Exactly as they appear, set down all of the records.

Collected data entries:
━━━━━━━━━━
theorem mainTheorem6:
  fixes m :: nat and a t0 :: real
  assumes "m \<ge> 2" and "a > 0"
    and "sin ((pi - 2 * pi / real (2 * m)) / 2) = 1 / a\<^sup>2"
  shows "dual_wulff (regular_polygon (2 * m) a t0) \<noteq> regular_polygon (2 * m) a t0
       \<and> congruent (dual_wulff (regular_polygon (2 * m) a t0)) (regular_polygon (2 * m) a t0)"
proof -
  define n where "n = 2 * m"
  have "n > 2"
    using assms(1) by (simp add: n_def)
  have "cos (pi / real n) = sin (pi / 2 - pi / real n)"
    using cos_sin_eq[of "pi / real n"] by simp
  also have "pi / 2 - pi / real n = (pi - 2 * pi / real (2 * m)) / 2"
    by (simp add: n_def field_simps)
  finally have cos_eq: "cos (pi / real n) = 1 / a\<^sup>2"
    using assms(3) by simp
  moreover have "0 < cos (pi / real n)" "cos (pi / real n) < 1"
    using \<open>n > 2\<close> by (simp_all add: cos_pi_div_pos cos_pi_div_lt_one)
  ultimately have "1 < a\<^sup>2"
    by (simp add: field_simps)
  then have "a > 1"
    using power_less_imp_less_base[of 1 2 a] assms(2) by simp
  have "1 / (a * cos (pi / real n)) = a"
    using cos_eq assms(2) by (simp add: power2_eq_square)
  then have "dual_wulff (regular_polygon n a t0) = regular_polygon n a (t0 + pi / real n)"
    using dual_wulff_regular_polygon[OF assms(1,2), of t0] by (simp add: n_def)
  then show ?thesis
    using dual_wulff_regular_polygon_neq[OF assms(1) \<open>a > 1\<close>, of t0]
      congruent_regular_polygon_rotate[of n a t0 "pi / real n"] \<open>n > 2\<close>
    by (simp add: n_def)
qed

end
theorem proposition6p4:
  fixes lam nu :: "'a::complete_space \<Rightarrow> 'a \<Rightarrow> 'a" and \<rho>' :: real
  assumes "convex_mean lam"
    and "mean2 nu" and "nonexpansive2 nu" and "0 < \<rho>'" and "\<rho>' < 1"
    and "coord_contractive2 \<rho>' nu"
  shows "(\<exists>mu. is_iter_limit (itcomp lam nu) mu \<and> mean2 mu \<and> nonexpansive2 mu \<and>
             coord_contractive2 (max (1/2) \<rho>') mu \<and> beta_extends_all mu)
       \<and> (\<exists>mu. is_iter_limit (itcomp_skew lam nu) mu \<and> mean2 mu \<and> nonexpansive2 mu \<and>
             coord_contractive2 (max (1/2) \<rho>') mu \<and> beta_extends_all mu)"
proof -
  define \<rho> where "\<rho> = max (1/2) \<rho>'"
  have \<rho>: "0 \<le> \<rho>" "\<rho> < 1"
    using assms(5) by (auto simp: \<rho>_def)
  have lam: "contractive_mean2 \<rho> lam"
    using convex_mean_imp_contractive_mean2[OF assms(1)] by (rule contractive_mean2_mono) (simp add: \<rho>_def)
  have "contractive_mean2 \<rho>' nu"
    using assms(2,3,6) by (simp add: contractive_mean2_def)
  then have nu: "contractive_mean2 \<rho> nu"
    by (rule contractive_mean2_mono) (simp add: \<rho>_def)
  have limit_props: "mean2 mu \<and> nonexpansive2 mu \<and> coord_contractive2 \<rho> mu \<and> beta_extends_all mu"
    if "contractive_mean2 \<rho> mu" for mu :: "'a \<Rightarrow> 'a \<Rightarrow> 'a"
    using that beta_extends_all_if_contractive_mean2[OF that \<rho>] by (simp add: contractive_mean2_def)
  obtain mu where "is_iter_limit (itcomp lam nu) mu" "contractive_mean2 \<rho> mu"
    using itcomp_iter_limit[OF lam nu \<rho>] by blast
  moreover obtain mu_skew where "is_iter_limit (itcomp_skew lam nu) mu_skew" "contractive_mean2 \<rho> mu_skew"
    using itcomp_skew_iter_limit[OF lam nu \<rho>] by blast
  ultimately show ?thesis
    unfolding \<rho>_def[symmetric] using limit_props by blast
qed

end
━━━━━━━━━━
RESULT:
theorem mainTheorem6:
  fixes m :: nat and a t0 :: real
  assumes "m \<ge> 2" and "a > 0"
    and "sin ((pi - 2 * pi / real (2 * m)) / 2) = 1 / a\<^sup>2"
  shows "dual_wulff (regular_polygon (2 * m) a t0) \<noteq> regular_polygon (2 * m) a t0
       \<and> congruent (dual_wulff (regular_polygon (2 * m) a t0)) (regular_polygon (2 * m) a t0)"
proof -
  define n where "n = 2 * m"
  have "n > 2"
    using assms(1) by (simp add: n_def)
  have "cos (pi / real n) = sin (pi / 2 - pi / real n)"
    using cos_sin_eq[of "pi / real n"] by simp
  also have "pi / 2 - pi / real n = (pi - 2 * pi / real (2 * m)) / 2"
    by (simp add: n_def field_simps)
  finally have cos_eq: "cos (pi / real n) = 1 / a\<^sup>2"
    using assms(3) by simp
  moreover have "0 < cos (pi / real n)" "cos (pi / real n) < 1"
    using \<open>n > 2\<close> by (simp_all add: cos_pi_div_pos cos_pi_div_lt_one)
  ultimately have "1 < a\<^sup>2"
    by (simp add: field_simps)
  then have "a > 1"
    using power_less_imp_less_base[of 1 2 a] assms(2) by simp
  have "1 / (a * cos (pi / real n)) = a"
    using cos_eq assms(2) by (simp add: power2_eq_square)
  then have "dual_wulff (regular_polygon n a t0) = regular_polygon n a (t0 + pi / real n)"
    using dual_wulff_regular_polygon[OF assms(1,2), of t0] by (simp add: n_def)
  then show ?thesis
    using dual_wulff_regular_polygon_neq[OF assms(1) \<open>a > 1\<close>, of t0]
      congruent_regular_polygon_rotate[of n a t0 "pi / real n"] \<open>n > 2\<close>
    by (simp add: n_def)
qed

end
theorem proposition6p4:
  fixes lam nu :: "'a::complete_space \<Rightarrow> 'a \<Rightarrow> 'a" and \<rho>' :: real
  assumes "convex_mean lam"
    and "mean2 nu" and "nonexpansive2 nu" and "0 < \<rho>'" and "\<rho>' < 1"
    and "coord_contractive2 \<rho>' nu"
  shows "(\<exists>mu. is_iter_limit (itcomp lam nu) mu \<and> mean2 mu \<and> nonexpansive2 mu \<and>
             coord_contractive2 (max (1/2) \<rho>') mu \<and> beta_extends_all mu)
       \<and> (\<exists>mu. is_iter_limit (itcomp_skew lam nu) mu \<and> mean2 mu \<and> nonexpansive2 mu \<and>
             coord_contractive2 (max (1/2) \<rho>') mu \<and> beta_extends_all mu)"
proof -
  define \<rho> where "\<rho> = max (1/2) \<rho>'"
  have \<rho>: "0 \<le> \<rho>" "\<rho> < 1"
    using assms(5) by (auto simp: \<rho>_def)
  have lam: "contractive_mean2 \<rho> lam"
    using convex_mean_imp_contractive_mean2[OF assms(1)] by (rule contractive_mean2_mono) (simp add: \<rho>_def)
  have "contractive_mean2 \<rho>' nu"
    using assms(2,3,6) by (simp add: contractive_mean2_def)
  then have nu: "contractive_mean2 \<rho> nu"
    by (rule contractive_mean2_mono) (simp add: \<rho>_def)
  have limit_props: "mean2 mu \<and> nonexpansive2 mu \<and> coord_contractive2 \<rho> mu \<and> beta_extends_all mu"
    if "contractive_mean2 \<rho> mu" for mu :: "'a \<Rightarrow> 'a \<Rightarrow> 'a"
    using that beta_extends_all_if_contractive_mean2[OF that \<rho>] by (simp add: contractive_mean2_def)
  obtain mu where "is_iter_limit (itcomp lam nu) mu" "contractive_mean2 \<rho> mu"
    using itcomp_iter_limit[OF lam nu \<rho>] by blast
  moreover obtain mu_skew where "is_iter_limit (itcomp_skew lam nu) mu_skew" "contractive_mean2 \<rho> mu_skew"
    using itcomp_skew_iter_limit[OF lam nu \<rho>] by blast
  ultimately show ?thesis
    unfolding \<rho>_def[symmetric] using limit_props by blast
qed

end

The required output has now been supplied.